Вечером того же дня я отправил Супрунова домой, сам прилетел в Москву и рассказал в редакции свою грустную повесть. "Комсомолка" попросила специалистов с площади Дзержинского провести экспертизу супруновского письма, и те сделали это быстро и точно. Я съездил за результатом, который гласил, что бумага действительно старая, довоенная, а текст изготовлен всего несколько месяцев назад и искусственно состарен. Когда я поинтересовался, как это можно сделать, эксперт популярно объяснил мне, что достаточно окунуть бумагу с текстом в мочу, положить в баночку и закопать на недельку в землю.
Я все-таки написал про эту историю - без подробностей расследования, о которых пишу сейчас, - и мой очерк был напечатан. Но когда я его писал, то рука не поднялась назвать подлинную фамилию Супрунова: я все время видел перед собой его мать, жену и детей, которые ни в чем не виноваты...
Я и сегодня рассказал о нем под вымышленной фамилией, а тогда даже не назвал Волгоград, где все это началось, а поставил под материалом адрес "Поволжье - Севастополь".
Вот только до сих пор не дает мне покоя явное несоответствие весьма недалекого в общении Супрунова и блестяще разработанной "операции" с героическим дзотом, письмом, "найденным" в бутылке и прочими деталями этой истории. И вся она для меня и сегодня - большой свод вопросов.
Зачем Супрунову понадобилась эта мистификация? Его реальной биографии вполне достало бы на уважение общества. Конечно, его не показали бы по "Интервидению" и, возможно, не сажали бы в президиумы пионерских слетов, как было до публикации в "Комсомолке". Но неужто ради этого стоило ставить на карту доброе имя ?

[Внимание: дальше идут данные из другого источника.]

(* Let $\beta$ be a totally positive quadratic integer with minimal polynomial $x^2 - Ex + C$, where $E, C \in \mathbb{Z}_{\geq 1}$, and let $n \geq 0$ be an integer. If $f \in \mathbb{Z}_{\geq 0}[x]$ satisfies $f(\beta) = E\beta^n$ and $f(x) \neq Ex^n$, then $f$ has the form \[ f(x) = x^{n+1} + a_n x^n + \dots + a_1 x + a_0 \] for some $a_0, \ldots, a_n \in \mathbb{Z}_{\geq 0}$.
   Context: A quadratic integer is a root of a monic irreducible quadratic polynomial in $\mathbb{Z}[x]$; it is totally positive if both it and its conjugate are positive real numbers. *)

theory Defs
  imports "HOL-Computational_Algebra.Polynomial" Complex_Main
begin

end

theory Submission
  imports Defs
begin

text \<open>
  Let \<open>\<beta>' = E - \<beta>\<close> be the conjugate of \<open>\<beta>\<close>. Since \<open>\<beta>\<close> is irrational, every integer
  polynomial identity at \<open>\<beta>\<close> also holds at \<open>\<beta>'\<close>, so \<open>f(t) = E t\<^sup>n\<close> at both roots.
  Write \<open>u > v > 0\<close> for the two roots; as \<open>(u - v)\<^sup>2 = E\<^sup>2 - 4C\<close> is a positive integer,
  \<open>u \<ge> v + 1\<close>, whence \<open>u\<^sup>2 > u + v = E\<close> and \<open>2u > E\<close>. Comparing single terms of \<open>f(u)\<close>
  with \<open>E u\<^sup>n\<close> then kills all coefficients above \<open>n + 1\<close> and bounds that of \<open>x\<^sup>n\<^sup>+\<^sup>1\<close> by 1.
  If that coefficient were 0, \<open>f(t)/t\<^sup>n\<close> would be a nonnegative combination of powers
  \<open>t\<^sup>i\<^sup>-\<^sup>n\<close> with \<open>i \<le> n\<close>, strictly decreasing unless \<open>f\<close> is a multiple of \<open>x\<^sup>n\<close>; but it
  takes the value \<open>E\<close> at both \<open>u\<close> and \<open>v\<close>, forcing \<open>f = E x\<^sup>n\<close>.
\<close>

lemma irreducible_quadratic_root_not_rational:
  fixes \<beta> :: real and E C :: int
  assumes irred: "irreducible ([:C, -E, 1:] :: int poly)"
    and root: "\<beta>\<^sup>2 = E * \<beta> - C"
  shows "\<beta> \<notin> \<rat>"
proof
  assume "\<beta> \<in> \<rat>"
  then obtain a b :: int where b: "b > 0" "coprime a b" "\<beta> = of_int a / of_int b"
    by (rule Rats_cases')
  then have a: "of_int a = \<beta> * of_int b"
    by simp
  have "real_of_int (a\<^sup>2 - E * a * b + C * b\<^sup>2) = (of_int b)\<^sup>2 * (\<beta>\<^sup>2 - E * \<beta> + C)"
    unfolding of_int_diff of_int_add of_int_mult of_int_power a by (simp add: algebra_simps power2_eq_square)
  also have "\<dots> = 0"
    using root by simp
  finally have eq: "a\<^sup>2 - E * a * b + C * b\<^sup>2 = 0"
    by (simp only: of_int_eq_0_iff)
  then have "a\<^sup>2 = b * (E * a - C * b)"
    by (simp add: algebra_simps power2_eq_square)
  then have "b dvd a\<^sup>2"
    by simp
  moreover have "coprime (a\<^sup>2) b"
    using b(2) by simp
  ultimately have "is_unit b"
    by (metis coprime_common_divisor dvd_refl)
  then have "b = 1"
    using b(1) by simp
  then have "C = a * (E - a)"
    using eq by (simp add: algebra_simps power2_eq_square)
  then have "[:C, -E, 1:] = [:-a, 1:] * [:-(E - a), 1:]"
    by (simp add: algebra_simps)
  then have "is_unit [:-a, 1:] \<or> is_unit [:-(E - a), 1::int:]"
    by (rule irreducibleD[OF irred])
  then show False
    by (simp add: is_unit_poly_iff)
qed

lemma poly_mod_quadratic_linear:
  fixes E C :: int and p :: "int poly"
  shows "\<exists>(a :: int) (b :: int). \<forall>t :: real. t\<^sup>2 = E * t - C \<longrightarrow>
           poly (map_poly real_of_int p) t = a + b * t"
proof (induction p rule: pCons_induct)
  case 0
  show ?case by (rule exI[of _ 0], rule exI[of _ 0]) simp
next
  case (pCons c p)
  then obtain a b :: int
    where ab: "\<And>t :: real. t\<^sup>2 = E * t - C \<Longrightarrow> poly (map_poly real_of_int p) t = a + b * t"
    by blast
  have "poly (map_poly real_of_int (pCons c p)) t = (c - b * C) + (a + b * E) * t"
    if t: "t\<^sup>2 = E * t - C" for t :: real
  proof -
    have "poly (map_poly real_of_int (pCons c p)) t = c + a * t + b * t\<^sup>2"
      using ab[OF t] by (simp add: map_poly_pCons algebra_simps power2_eq_square)
    then show ?thesis
      by (simp add: t algebra_simps)
  qed
  then show ?case by (metis of_int_add)
qed

lemma poly_of_int_diff:
  fixes p q :: "int poly" and t :: real
  shows "poly (map_poly real_of_int (p - q)) t =
           poly (map_poly real_of_int p) t - poly (map_poly real_of_int q) t"
proof -
  have "map_poly real_of_int (p - q) = map_poly real_of_int p - map_poly real_of_int q"
    by (rule poly_eqI) (simp add: coeff_map_poly)
  then show ?thesis
    by simp
qed

text \<open>Reducing \<open>p - q\<close> modulo the minimal polynomial leaves \<open>a + b t\<close>, and \<open>a + b \<beta> = 0\<close>
  forces \<open>a = b = 0\<close> since \<open>\<beta>\<close> is irrational.\<close>

lemma poly_eq_at_conjugate_root:
  fixes \<beta> \<gamma> :: real and E C :: int and p q :: "int poly"
  assumes irred: "irreducible ([:C, -E, 1:] :: int poly)"
    and roots: "\<beta>\<^sup>2 = E * \<beta> - C" "\<gamma>\<^sup>2 = E * \<gamma> - C"
    and eq: "poly (map_poly real_of_int p) \<beta> = poly (map_poly real_of_int q) \<beta>"
  shows "poly (map_poly real_of_int p) \<gamma> = poly (map_poly real_of_int q) \<gamma>"
proof -
  obtain a b :: int where ab: "\<And>t :: real. t\<^sup>2 = E * t - C \<Longrightarrow>
      poly (map_poly real_of_int (p - q)) t = a + b * t"
    using poly_mod_quadratic_linear by blast
  have "a + b * \<beta> = 0"
    using ab[OF roots(1)] eq by (simp add: poly_of_int_diff)
  moreover have "b = 0"
  proof (rule ccontr)
    assume "b \<noteq> 0"
    with \<open>a + b * \<beta> = 0\<close> have "\<beta> = - of_int a / of_int b"
      by (simp add: field_simps)
    then show False
      using irreducible_quadratic_root_not_rational[OF irred roots(1)] by simp
  qed
  ultimately show ?thesis
    using ab[OF roots(2)] by (simp add: poly_of_int_diff)
qed

text \<open>The distance between \<open>\<beta>\<close> and its conjugate \<open>E - \<beta>\<close> is the square root of the
  discriminant \<open>E\<^sup>2 - 4C\<close>, a nonzero integer.\<close>

lemma irreducible_quadratic_root_far_from_conjugate:
  fixes \<beta> :: real and E C :: int
  assumes irred: "irreducible ([:C, -E, 1:] :: int poly)"
    and root: "\<beta>\<^sup>2 = E * \<beta> - C"
  shows "1 \<le> \<bar>2 * \<beta> - E\<bar>"
proof -
  have discr: "(2 * \<beta> - E)\<^sup>2 = of_int (E\<^sup>2 - 4 * C)"
    using root by (simp add: algebra_simps power2_eq_square)
  have "2 * \<beta> - E \<noteq> 0"
  proof
    assume "2 * \<beta> - E = 0"
    then have "\<beta> = of_int E / 2"
      by simp
    then have "\<beta> \<in> \<rat>"
      by (simp only: Rats_divide Rats_of_int Rats_number_of)
    then show False
      using irreducible_quadratic_root_not_rational[OF irred root] by simp
  qed
  then have "0 < E\<^sup>2 - 4 * C"
    using discr by (metis of_int_0_less_iff zero_less_power2)
  then have "1 \<le> (2 * \<beta> - E)\<^sup>2"
    unfolding discr of_int_1_le_iff by simp
  then show ?thesis
    using abs_le_square_iff[of 1 "2 * \<beta> - E"] by simp
qed

lemma poly_of_int_eq_sum:
  fixes f :: "int poly" and t :: real
  assumes "degree f \<le> N"
  shows "poly (map_poly real_of_int f) t = (\<Sum>i\<le>N. of_int (coeff f i) * t ^ i)"
proof -
  have "degree (map_poly real_of_int f) \<le> N"
    using assms by (simp add: degree_map_poly)
  then show ?thesis
    by (subst poly_as_sum_of_monoms'[symmetric])
       (auto simp: poly_sum poly_monom coeff_map_poly)
qed

lemma coeff_mult_power_le_poly:
  fixes f :: "int poly" and t :: real
  assumes nonneg: "\<forall>i. coeff f i \<ge> 0" and "t \<ge> 0"
  shows "of_int (coeff f k) * t ^ k \<le> poly (map_poly real_of_int f) t"
proof -
  have "of_int (coeff f k) * t ^ k \<le> (\<Sum>i\<le>max k (degree f). of_int (coeff f i) * t ^ i)"
    by (rule member_le_sum) (use assms in auto)
  also have "\<dots> = poly (map_poly real_of_int f) t"
    by (rule poly_of_int_eq_sum[symmetric]) simp
  finally show ?thesis .
qed

lemma degree_le_if_poly_eq_mult_power:
  fixes f :: "int poly" and u c :: real
  assumes nonneg: "\<forall>i. coeff f i \<ge> 0" and "1 < u" "c < u\<^sup>2"
    and val: "poly (map_poly real_of_int f) u = c * u ^ n"
  shows "degree f \<le> n + 1"
proof (rule degree_le, intro allI impI)
  fix k assume "n + 1 < k"
  show "coeff f k = 0"
  proof (rule ccontr)
    assume "coeff f k \<noteq> 0"
    then have "1 \<le> coeff f k"
      using nonneg by (simp add: int_one_le_iff_zero_less order_less_le)
    then have "u ^ k \<le> of_int (coeff f k) * u ^ k"
      using \<open>1 < u\<close> by simp
    also have "\<dots> \<le> c * u ^ n"
      using coeff_mult_power_le_poly[OF nonneg, of u k] \<open>1 < u\<close> val by simp
    also have "\<dots> < u ^ (n + 2)"
      using \<open>c < u\<^sup>2\<close> \<open>1 < u\<close> by (simp add: power_add power2_eq_square)
    also have "\<dots> \<le> u ^ k"
      using \<open>n + 1 < k\<close> \<open>1 < u\<close> by (intro power_increasing) auto
    finally show False by simp
  qed
qed

lemma coeff_Suc_le_1_if_poly_eq_mult_power:
  fixes f :: "int poly" and u c :: real
  assumes nonneg: "\<forall>i. coeff f i \<ge> 0" and "0 < u" "c < 2 * u"
    and val: "poly (map_poly real_of_int f) u = c * u ^ n"
  shows "coeff f (n + 1) \<le> 1"
proof (rule ccontr)
  assume "\<not> coeff f (n + 1) \<le> 1"
  then have "(2 * u) * u ^ n \<le> of_int (coeff f (n + 1)) * u ^ (n + 1)"
    using \<open>0 < u\<close> by (simp add: mult_right_mono)
  also have "\<dots> \<le> c * u ^ n"
    using coeff_mult_power_le_poly[OF nonneg, of u "n + 1"] \<open>0 < u\<close> val by simp
  finally show False
    using \<open>c < 2 * u\<close> \<open>0 < u\<close> by simp
qed

lemma power_mult_power_less:
  fixes u v :: real
  assumes "0 < v" "v < u" "i < n"
  shows "v ^ n * u ^ i < u ^ n * v ^ i"
proof -
  have "v ^ n * u ^ i = v ^ (n - i) * (u * v) ^ i"
    using \<open>i < n\<close> by (simp add: power_add[symmetric] power_mult_distrib)
  also have "\<dots> < u ^ (n - i) * (u * v) ^ i"
    using assms by (intro mult_strict_right_mono power_strict_mono) auto
  also have "\<dots> = u ^ n * v ^ i"
    using \<open>i < n\<close> by (simp add: power_add[symmetric] power_mult_distrib)
  finally show ?thesis .
qed

text \<open>A nonnegative polynomial of degree at most \<open>n\<close> divided by \<open>t\<^sup>n\<close> is strictly decreasing on
  \<open>t > 0\<close> unless it is a monomial \<open>c x\<^sup>n\<close>.\<close>

lemma eq_monom_if_agrees_at_two_points:
  fixes f :: "int poly" and u v :: real and c :: int
  assumes nonneg: "\<forall>i. coeff f i \<ge> 0" and "degree f \<le> n" and "0 < v" "v < u"
    and at_u: "poly (map_poly real_of_int f) u = c * u ^ n"
    and at_v: "poly (map_poly real_of_int f) v = c * v ^ n"
  shows "f = monom c n"
proof -
  define d where "d i = of_int (coeff f i) * (u ^ n * v ^ i - v ^ n * u ^ i)" for i
  have d_nonneg: "d i \<ge> 0" if "i \<le> n" for i
    using power_mult_power_less[OF \<open>0 < v\<close> \<open>v < u\<close>, of i n] nonneg that
    by (cases "i = n") (auto simp: d_def)
  have "(\<Sum>i\<le>n. d i) = u ^ n * poly (map_poly real_of_int f) v - v ^ n * poly (map_poly real_of_int f) u"
    unfolding d_def poly_of_int_eq_sum[OF \<open>degree f \<le> n\<close>]
    by (simp add: algebra_simps sum_distrib_left sum_subtractf)
  also have "\<dots> = 0"
    using at_u at_v by (simp add: algebra_simps)
  finally have d_0: "d i = 0" if "i \<le> n" for i
    using sum_nonneg_eq_0_iff[of "{..n}" d] d_nonneg that by auto
  then have below: "coeff f i = 0" if "i < n" for i
    using d_0[of i] power_mult_power_less[OF \<open>0 < v\<close> \<open>v < u\<close> that] that by (simp add: d_def)
  have above: "coeff f i = 0" if "n < i" for i
    using \<open>degree f \<le> n\<close> that by (simp add: coeff_eq_0)
  have f_eq: "f = monom (coeff f n) n"
    using below above by (intro poly_eqI) (metis coeff_monom linorder_neqE_nat)
  have "of_int (coeff f n) * u ^ n = of_int c * u ^ n"
    using at_u by (subst (asm) f_eq) (simp add: poly_monom map_poly_monom)
  then have "coeff f n = c"
    using \<open>0 < v\<close> \<open>v < u\<close> by simp
  with f_eq show ?thesis by simp
qed

lemma monic_of_degree_Suc_if_agrees_with_monom:
  fixes f :: "int poly" and u v :: real and E :: int
  assumes nonneg: "\<forall>i. coeff f i \<ge> 0" and "0 < v" "v + 1 \<le> u" "u + v = E"
    and val_u: "poly (map_poly real_of_int f) u = E * u ^ n"
    and val_v: "poly (map_poly real_of_int f) v = E * v ^ n"
    and "f \<noteq> monom E n"
  shows "degree f \<le> n + 1 \<and> coeff f (n + 1) = 1"
proof
  have "E < u\<^sup>2"
  proof -
    have "0 < (u - 1)\<^sup>2"
      using \<open>0 < v\<close> \<open>v + 1 \<le> u\<close> by simp
    then show ?thesis
      using \<open>u + v = E\<close> \<open>v + 1 \<le> u\<close> by (simp add: power2_eq_square algebra_simps)
  qed
  then show deg: "degree f \<le> n + 1"
    using degree_le_if_poly_eq_mult_power[OF nonneg _ _ val_u] \<open>0 < v\<close> \<open>v + 1 \<le> u\<close>
    by simp
  have "coeff f (n + 1) \<le> 1"
    using coeff_Suc_le_1_if_poly_eq_mult_power[OF nonneg _ _ val_u] \<open>0 < v\<close> \<open>v + 1 \<le> u\<close> \<open>u + v = E\<close>
    by simp
  moreover have "coeff f (n + 1) \<noteq> 0"
  proof
    assume "coeff f (n + 1) = 0"
    with deg have "degree f \<le> n"
      by (metis le_SucE Suc_eq_plus1 leading_coeff_0_iff degree_0 zero_le)
    then have "f = monom E n"
      using eq_monom_if_agrees_at_two_points[OF nonneg _ \<open>0 < v\<close> _ val_u val_v] \<open>v + 1 \<le> u\<close>
      by simp
    with \<open>f \<noteq> monom E n\<close> show False ..
  qed
  ultimately show "coeff f (n + 1) = 1"
    using nonneg by (metis antisym int_one_le_iff_zero_less order_less_le)
qed

theorem lemma10:
  fixes \<beta> :: real and E C :: int and n :: nat and f :: "int poly"
  assumes E_pos: "E \<ge> 1" and C_pos: "C \<ge> 1"
    and irred: "irreducible ([:C, -E, 1:] :: int poly)"
    and root: "poly (map_poly real_of_int [:C, -E, 1:]) \<beta> = 0"
    and tot_pos: "\<beta> > 0" "real_of_int E - \<beta> > 0"
    and f_nonneg: "\<forall>i. coeff f i \<ge> 0"
    and f_val: "poly (map_poly real_of_int f) \<beta> = real_of_int E * \<beta> ^ n"
    and f_ne: "f \<noteq> monom E n"
  shows "\<exists>a :: nat \<Rightarrow> int. (\<forall>i\<le>n. a i \<ge> 0) \<and>
           f = monom 1 (n + 1) + (\<Sum>i\<le>n. monom (a i) i)"
proof -
  have \<beta>_root: "\<beta>\<^sup>2 = E * \<beta> - C"
    using root by (simp add: map_poly_pCons algebra_simps power2_eq_square)
  define \<beta>' where "\<beta>' = E - \<beta>"
  have \<beta>'_root: "\<beta>'\<^sup>2 = E * \<beta>' - C"
    using \<beta>_root by (simp add: \<beta>'_def algebra_simps power2_eq_square)
  have f_val': "poly (map_poly real_of_int f) \<beta>' = E * \<beta>' ^ n"
    using poly_eq_at_conjugate_root[OF irred \<beta>_root \<beta>'_root, of f "monom E n"] f_val
    by (simp add: map_poly_monom poly_monom)
  define u v where "u = max \<beta> \<beta>'" and "v = min \<beta> \<beta>'"
  have "v + 1 \<le> u"
    using irreducible_quadratic_root_far_from_conjugate[OF irred \<beta>_root]
    by (simp add: u_def v_def \<beta>'_def abs_if max_def min_def split: if_splits)
  moreover have "0 < v" "u + v = E"
    using tot_pos by (simp_all add: u_def v_def \<beta>'_def)
  moreover have "poly (map_poly real_of_int f) u = E * u ^ n"
    and "poly (map_poly real_of_int f) v = E * v ^ n"
    using f_val f_val' by (simp_all add: u_def v_def max_def min_def)
  ultimately have "degree f \<le> n + 1" "coeff f (n + 1) = 1"
    using monic_of_degree_Suc_if_agrees_with_monom[OF f_nonneg] f_ne by blast+
  then have "f = monom 1 (n + 1) + (\<Sum>i\<le>n. monom (coeff f i) i)"
    using poly_as_sum_of_monoms'[of f "n + 1"] by (simp add: add.commute)
  with f_nonneg show ?thesis
    by blast
qed

end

Почему он после войны, служа в Севастополе до 1947 года, не попытался откопать свое письмо? Не потому ли, что никогда его не закапывал?
Кто был тот человек, который на вокзале передал в киоск сверток с бумагами? Это был точно не Супрунов: тот мужчина был настолько высоким, что легко протянул руку над головами толпившихся у киоска людей, а Супрунов роста ниже среднего.
И вообще - кто стоял за всеми этими хитросплетениями? Не знаю... И уже, скорее всего, не узнаю никогда.